I do not think I shall be able to, why? Because flight tickets costs are above the roof,( sob-sob), and before I am labelled a snob for thinking of flying home rather than enjoying a leisurely journey in the common man's savari, I would like to clarify by saying that I am neither a snob, nor am I loaded with cash, it is just that the leave alloted to me is of 10 days, so going home, by train, and returning back on time, is out of the question, unless,,,,unless I call my parents, ask them to meet up with me in the Railway Station, and not even bother stepping down from the train, Lovely idea?

I hate being poor, I hate not having the hard moolah, that would have enabled me to be home in the Festive season.


Darn, double darn,,,,,,

Friday, September 19, 2008

Pride

i know this topic is "Passe" but still I cannot help wonder, does any one's heart still trill and the mind sing at the call of the bugle, to the strains of the 'Jana Gana Mana'?

This topic is hardly open for an everyday discussion but it is just that I have been reading a book based in the 1900s, set during WW2, and this has made me dwell on the subject of Nationality, Pride in ones country and what belonging to a Nation, any Nation, means to us, if it does mean anything at all,

Throughout my childhood days, early in the wee hours of days like the 15th of Aug, and the 26th of Jan, I woke up to the mellifluous Lata Mangeshkar, via the public address system, sounding like a soulful prayer, singing compositions of patriotism, penned by immortals, the lyrics of those songs still etched firmly in memory. I also remember standing, squinting against the sun, in starched uniforms, in rows, erect, proud, the Tricolor flapping in the breeze, waiting for the public march-past that always was a part of these celebrations, to begin.

I have memories of the Kargil war, brought home to us, thanks to satellite TV, in a real, and somewhat surreal manner, those clothes and fund collecting drives,long treks with sometimes very little but our soothed National pride, to show, at the end of a very long day,,,all a part of trying to belong, to be a part of what was taking place so far away, on those hilly, snow-clad peaks and valleys.

I remember standing transfixed at the India Gate, looking at the names of those who died, martyrs, sacrificing their yesterdays for our todays,,and I refuse that it was just another day at the office for any of those brave souls.

I also believe, that night long ago, in 1947, there were countless unseen faces amidst the thronging, joyous crowds, their eyes filled with tears of success, countless mothers with laps emptied, widows with their budding dreams forever swathed in white, yet all with their heads held just that little bit higher, for it was on the ruins of their lives a Nation stood, new-born, full of possibilities, full of promise.

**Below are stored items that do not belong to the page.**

(* Let $\mathbf{Z}\in\mathbb{R}^{n\times d}$ and $\lambda\geq 0$, and assume that $\lambda>0$ or that $\mathbf{Z}$ has full column rank. Let $s_{\lambda}(\mathbf{Z}):=\mathrm{Tr}\big((\mathbf{Z}^{T}\mathbf{Z}+\lambda\mathbf{I}_d)^{-1}\mathbf{Z}^{T}\mathbf{Z}\big)$. Let $\delta\in(0,1)$ and let $\mathbf{S}\in\mathbb{R}^{s\times n}$ be a CountSketch matrix with $s\geq 20\,s_{\lambda}(\mathbf{Z})^{2}/\delta$. Then with probability at least $1-\delta$, all generalized eigenvalues of the pencil $(\mathbf{Z}^{T}\mathbf{Z}+\lambda\mathbf{I}_d,\ \mathbf{Z}^{T}\mathbf{S}^{T}\mathbf{S}\mathbf{Z}+\lambda\mathbf{I}_d)$ lie in the interval $[1/2,3/2]$, and $\kappa(\mathbf{Z}^{T}\mathbf{Z}+\lambda\mathbf{I}_d,\ \mathbf{Z}^{T}\mathbf{S}^{T}\mathbf{S}\mathbf{Z}+\lambda\mathbf{I}_d)\leq 3$.
   Context: A CountSketch matrix $\mathbf{S}\in\mathbb{R}^{s\times n}$ is defined by a random hash function $h:\{1,\dots,n\}\to\{1,\dots,s\}$ and a random sign function $g:\{1,\dots,n\}\to\{-1,+1\}$: the $j$-th column of $\mathbf{S}$ has a single nonzero entry, equal to $g(j)$, in row $h(j)$; equivalently $(\mathbf{S}\mathbf{x})_i=\sum_{j:h(j)=i}g(j)x_j$. For a pencil $(\mathbf{A},\mathbf{B})$ with $\mathbf{B}$ symmetric positive definite, the generalized eigenvalues are the $\lambda$ with $\mathbf{A}\mathbf{v}=\lambda\mathbf{B}\mathbf{v}$ for some $\mathbf{v}\neq 0$, and $\kappa(\mathbf{A},\mathbf{B})$ denotes the ratio of the largest to the smallest generalized eigenvalue in absolute value (equal to $\kappa(\mathbf{B}^{-1/2}\mathbf{A}\mathbf{B}^{-1/2})$). *)

theory Defs
  imports "HOL-Analysis.Analysis" "HOL-Probability.Probability"
begin

definition countsketch :: "('n::finite \<Rightarrow> 's::finite) \<Rightarrow> ('n \<Rightarrow> bool) \<Rightarrow> real^'n^'s" where
  "countsketch h g = (\<chi> i j. if h j = i then (if g j then 1 else -1) else 0)"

When Rehman and Lata came together to give us a refurbished 'Vande Mataram', ans Bala gave us the accompanying sweeping visuals, every rustic face in the video, seemed radiant with love for the country, good actors? I do not think so,,,

I was here for this years Independence day, and what a welcome change it was indeed, to see the Tricolor unfurling from every imaginable place, and a few unimaginable ones at that, cycle rickshaws and a few proud BMWs to, all sporting a different sized one, Assam seems to have forgotten the joys associated with the day, and this year gave new meaning to the day for me.

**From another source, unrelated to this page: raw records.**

lemma ladder_stable_sat:
  fixes \<chi> :: "('ag, 'ap) asf" and \<Phi> :: "('ag, 'ap) apf"
  shows "ladder_stable (\<lambda>n s. sat (ladder_cgs n :: ('ag, 'ap) cgs) s \<chi>)
    \<and> ladder_stable (\<lambda>n s. \<exists>\<pi>\<in>ladder.runs n s. satp (ladder_cgs n :: ('ag, 'ap) cgs) \<pi> \<Phi>)
      \<and> ladder_stable (\<lambda>n s. \<forall>\<pi>\<in>ladder.runs n s. satp (ladder_cgs n :: ('ag, 'ap) cgs) \<pi> \<Phi>)"
proof (induction rule: asf_apf.induct)
  case (AProp p)
  show ?case
    by (rule ladder_stable_cong[OF ladder_stable_const[of "\<lambda>e. e \<and> p = undefined"]]) auto
next
  case (ANeg \<phi>)
  then show ?case by (simp add: ladder_stable_Not)
next
  case (AOr \<phi> \<psi>)
  then show ?case using ladder_stable_binop[of _ _ "(\<or>)"] by simp
next
  case (AAnd \<phi> \<psi>)
  then show ?case using ladder_stable_binop[of _ _ "(\<and>)"] by simp
next
  case (AImp \<phi> \<psi>)
  then show ?case using ladder_stable_binop[of _ _ "(\<longrightarrow>)"] by simp
next
  case (ADia A \<Phi>)
  show ?case
  proof (cases "undefined \<in> A")
    case True
    show ?thesis
      by (rule ladder_stable_cong[OF ADia[THEN conjunct1]])
        (simp add: True sat_ladder_cgs_ADia_iff del: sat.simps)
  next
    case False
    show ?thesis
      by (rule ladder_stable_cong[OF ADia[THEN conjunct2]])
        (simp add: False sat_ladder_cgs_ADia_iff del: sat.simps)
  qed
next
  case (ABox A \<Phi>)
  show ?case
  proof (cases "undefined \<in> A")
    case True
    show ?thesis
      by (rule ladder_stable_cong[OF ABox[THEN conjunct2]])
        (simp add: True sat_ladder_cgs_ABox_iff del: sat.simps)
  next
    case False
    show ?thesis
      by (rule ladder_stable_cong[OF ABox[THEN conjunct1]])
        (simp add: False sat_ladder_cgs_ABox_iff del: sat.simps)
  qed
next
  case (ANext \<phi>)
  then have T: "ladder_stable (\<lambda>n s. sat (ladder_cgs n) s \<phi>)" by simp
  show ?case
  proof
    show "ladder_stable (\<lambda>n s. \<exists>\<pi>\<in>ladder.runs n s. satp (ladder_cgs n) \<pi> (ANext \<phi>))"
      by (rule ladder_stable_cong[OF ladder_stable_EX[OF T]])
        (simp add: ladder.ex_run_next_iff[of _ _ "\<lambda>t. sat (ladder_cgs _) t \<phi>", simplified])
    show "ladder_stable (\<lambda>n s. \<forall>\<pi>\<in>ladder.runs n s. satp (ladder_cgs n) \<pi> (ANext \<phi>))"
      by (rule ladder_stable_cong[OF ladder_stable_Not[OF ladder_stable_EX[OF ladder_stable_Not[OF T]]]])
        (simp add: ladder.all_run_next_iff[of _ _ "\<lambda>t. sat (ladder_cgs _) t \<phi>", simplified])
  qed
next
  case (AEv \<phi>)
  then have T: "ladder_stable (\<lambda>n s. sat (ladder_cgs n) s \<phi>)" by simp
  show ?case
  proof
    show "ladder_stable (\<lambda>n s. \<exists>\<pi>\<in>ladder.runs n s. satp (ladder_cgs n) \<pi> (AEv \<phi>))"
      by (rule ladder_stable_cong[OF ladder_stable_EF[OF T]])
        (simp add: ladder.ex_run_eventually_iff[of _ _ "\<lambda>t. sat (ladder_cgs _) t \<phi>"])
    show "ladder_stable (\<lambda>n s. \<forall>\<pi>\<in>ladder.runs n s. satp (ladder_cgs n) \<pi> (AEv \<phi>))"
      by (rule ladder_stable_cong[OF ladder_stable_Not[OF ladder_stable_EG[OF ladder_stable_Not[OF T]]]])
        (simp add: ladder_all_run_eventually_iff[of _ _ "\<lambda>t. sat (ladder_cgs _) t \<phi>"])
  qed
next
  case (AAlw \<phi>)
  then have T: "ladder_stable (\<lambda>n s. sat (ladder_cgs n) s \<phi>)" by simp
  show ?case
  proof
    show "ladder_stable (\<lambda>n s. \<exists>\<pi>\<in>ladder.runs n s. satp (ladder_cgs n) \<pi> (AAlw \<phi>))"
      by (rule ladder_stable_cong[OF ladder_stable_EG[OF T]])
        (simp add: ladder_ex_run_always_iff[of _ _ "\<lambda>t. sat (ladder_cgs _) t \<phi>"])
    show "ladder_stable (\<lambda>n s. \<forall>\<pi>\<in>ladder.runs n s. satp (ladder_cgs n) \<pi> (AAlw \<phi>))"
      by (rule ladder_stable_cong[OF ladder_stable_Not[OF ladder_stable_EF[OF ladder_stable_Not[OF T]]]])
        (simp add: ladder.all_run_always_iff[of _ _ "\<lambda>t. sat (ladder_cgs _) t \<phi>"])
  qed
qed

lemma le_from_bits_B0011_iff: "B0011 \<le> from_bits f \<longleftrightarrow> f 1 \<or> f 2 \<or> f 3"
  by (auto simp: from_bits_def less_eq_b4_def)

lemma le_VP_RAlw_B0011_iff:
  "B0011 \<le> VP S \<pi> (RAlw \<phi>) \<longleftrightarrow> (\<forall>i. \<exists>j\<ge>i. bit4 (V S (\<pi> j) \<phi>) 3)"
proof -
  have bit3: "bit4 b k \<Longrightarrow> k \<le> 3 \<Longrightarrow> bit4 b 3" for b k
    by (simp add: bit4_def)
  let ?b = "\<lambda>k j. bit4 (V S (\<pi> j) \<phi>) k"
  have "(\<forall>i. ?b 1 i) \<or> (\<exists>i. \<forall>j\<ge>i. ?b 2 j) \<or> (\<forall>i. \<exists>j\<ge>i. ?b 3 j) \<longleftrightarrow> (\<forall>i. \<exists>j\<ge>i. ?b 3 j)"
  proof (intro iffI; (elim disjE)?)
    assume "\<forall>i. ?b 1 i"
    then show "\<forall>i. \<exists>j\<ge>i. ?b 3 j" using bit3 by (meson order_refl one_le_numeral)
  next
    assume "\<exists>i. \<forall>j\<ge>i. ?b 2 j"
    then obtain i0 where "\<forall>j\<ge>i0. ?b 2 j" by blast
    then have "?b 2 (max i i0)" for i by simp
    then have "?b 3 (max i i0)" for i by (rule bit3) simp
    then show "\<forall>i. \<exists>j\<ge>i. ?b 3 j" by (meson max.cobounded1)
  qed auto
  then show ?thesis by (simp add: le_from_bits_B0011_iff)
qed

lemma bit4_V_RProp_3: "bit4 (V S s (RProp p)) 3 \<longleftrightarrow> p \<in> lab S s"
  by (simp add: bit4_def)

lemma undefined_in_lab_ladder_cgs: "undefined \<in> lab (ladder_cgs n) s \<longleftrightarrow> even s"
  by simp

lemma le_V_ladder_cgs_RDia_iff:
  fixes \<Phi> :: "('ag, 'ap) rpf"
  assumes "s \<le> 2*n+1" "undefined \<in> A"
  shows "u \<le> V (ladder_cgs n) s (RDia A \<Phi>) \<longleftrightarrow> (\<exists>\<pi>\<in>ladder.runs n s. u \<le> VP (ladder_cgs n) \<pi> \<Phi>)"
proof -
  let ?S = "ladder_cgs n :: ('ag, 'ap) cgs"
  have "u \<le> V ?S s (RDia A \<Phi>) \<longleftrightarrow> (\<exists>F. strats ?S A F \<and> (\<forall>\<pi>\<in>out ?S s A F. u \<le> VP ?S \<pi> \<Phi>))"
    using is_cgs_ladder_cgs by (rule le_V_RDia_iff)
  also have "\<dots> \<longleftrightarrow> (\<exists>\<pi>\<in>ladder.runs n s. u \<le> VP (ladder_cgs n) \<pi> \<Phi>)"
    unfolding ladder_cgs_def ladder.ex_strategy_all_out_iff[OF assms(1)] using assms(2) by simp
  finally show ?thesis .
qed

lemma ladder_infinitely_often_even_iff:
  assumes "s \<le> 2*n+1"
  shows "B0011 \<le> V (ladder_cgs n :: ('ag, 'ap) cgs) s (RDia {undefined} (RAlw (RProp undefined)))
    \<longleftrightarrow> (\<exists>\<pi>\<in>ladder.runs n s. \<forall>i. \<exists>j\<ge>i. even (\<pi> j))"
  unfolding le_V_ladder_cgs_RDia_iff[OF assms insertI1] le_VP_RAlw_B0011_iff
    bit4_V_RProp_3 undefined_in_lab_ladder_cgs ..

lemma ladder_alternating_run: "(\<lambda>k. k mod 2) \<in> ladder.runs n 0"
  by (auto simp: ladder.runs_def ladder_def mod_Suc)

lemma ladder_step_div2:
  assumes "ladder n s t" "2 \<le> s"
  shows "2 \<le> t" "t div 2 \<le> s div 2" "odd s \<Longrightarrow> even t \<Longrightarrow> t div 2 < s div 2"
  using assms by (auto simp: ladder_def elim!: oddE)

text \<open>The index s div 2 never increases along a run from 2 upwards and drops at every
  step from an odd to an even state; since even states are only entered from odd ones,
  they occur only finitely often.\<close>
lemma ladder_run_eventually_odd:
  assumes \<pi>: "\<pi> \<in> ladder.runs n s" and "2 \<le> s"
  shows "\<exists>i. \<forall>j\<ge>i. odd (\<pi> j)"
proof -
  define f where "f k = \<pi> k div 2" for k
  have step: "ladder n (\<pi> k) (\<pi> (Suc k))" for k using \<pi> by (simp add: ladder.runs_def)
  have ge2: "2 \<le> \<pi> k" for k
  proof (induction k)
    case 0
    then show ?case using \<pi> \<open>2 \<le> s\<close> by (simp add: ladder.runs_def)
  next
    case (Suc k)
    then show ?case by (rule ladder_step_div2(1)[OF step])
  qed
  have f_Suc: "f (Suc k) \<le> f k" for k
    unfolding f_def by (rule ladder_step_div2(2)[OF step ge2])
  obtain i where i: "\<forall>j. f i \<le> f j" using ex_has_least_nat[of "\<lambda>_. True" 0 f] by blast
  have odd_Suc: "odd (\<pi> (Suc j))" if "i \<le> j" for j
  proof (rule ccontr)
    assume even: "\<not> odd (\<pi> (Suc j))"
    then have "odd (\<pi> j)" using step[of j] by (auto simp: ladder_even)
    then have "f (Suc j) < f j" unfolding f_def using even ladder_step_div2(3)[OF step ge2] by simp
    also have "f j \<le> f i" by (rule lift_Suc_antimono_le[of f, OF f_Suc that])
    finally show False using i by (simp add: leD)
  qed
  have "odd (\<pi> j)" if "Suc i \<le> j" for j
    using odd_Suc[of "j - 1"] that by simp
  then show ?thesis by blast
qed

I remember my mom, a school teacher, always stopping and standing still, no matter where she happened to be, whenever she heard the National Anthem, and she heard it every morning, as their school used to sing it at the morning assembly, every day, so on the days she was late, she would hear it midway to school, and halting, would resume her journey once it was over, I also stand up to the Anthem, no matter where it happens to be played, and no matter what I happen to be doing at the time.not because I have to, but because I want to, makes me feel like I have done my tiny bit, for this country of ours which deserves much more, so much more.

JAI HIND.

(Please forgive the typos, I cannot edit this post.)

Friday, September 12, 2008

Have you?

Have you ever stood out in the open, squinting against the sunshine, but at the same time, enjoying its warmth caressing you?
Have you ever huddled beneath the covers, in the dark nights, listening to a storm howling outside?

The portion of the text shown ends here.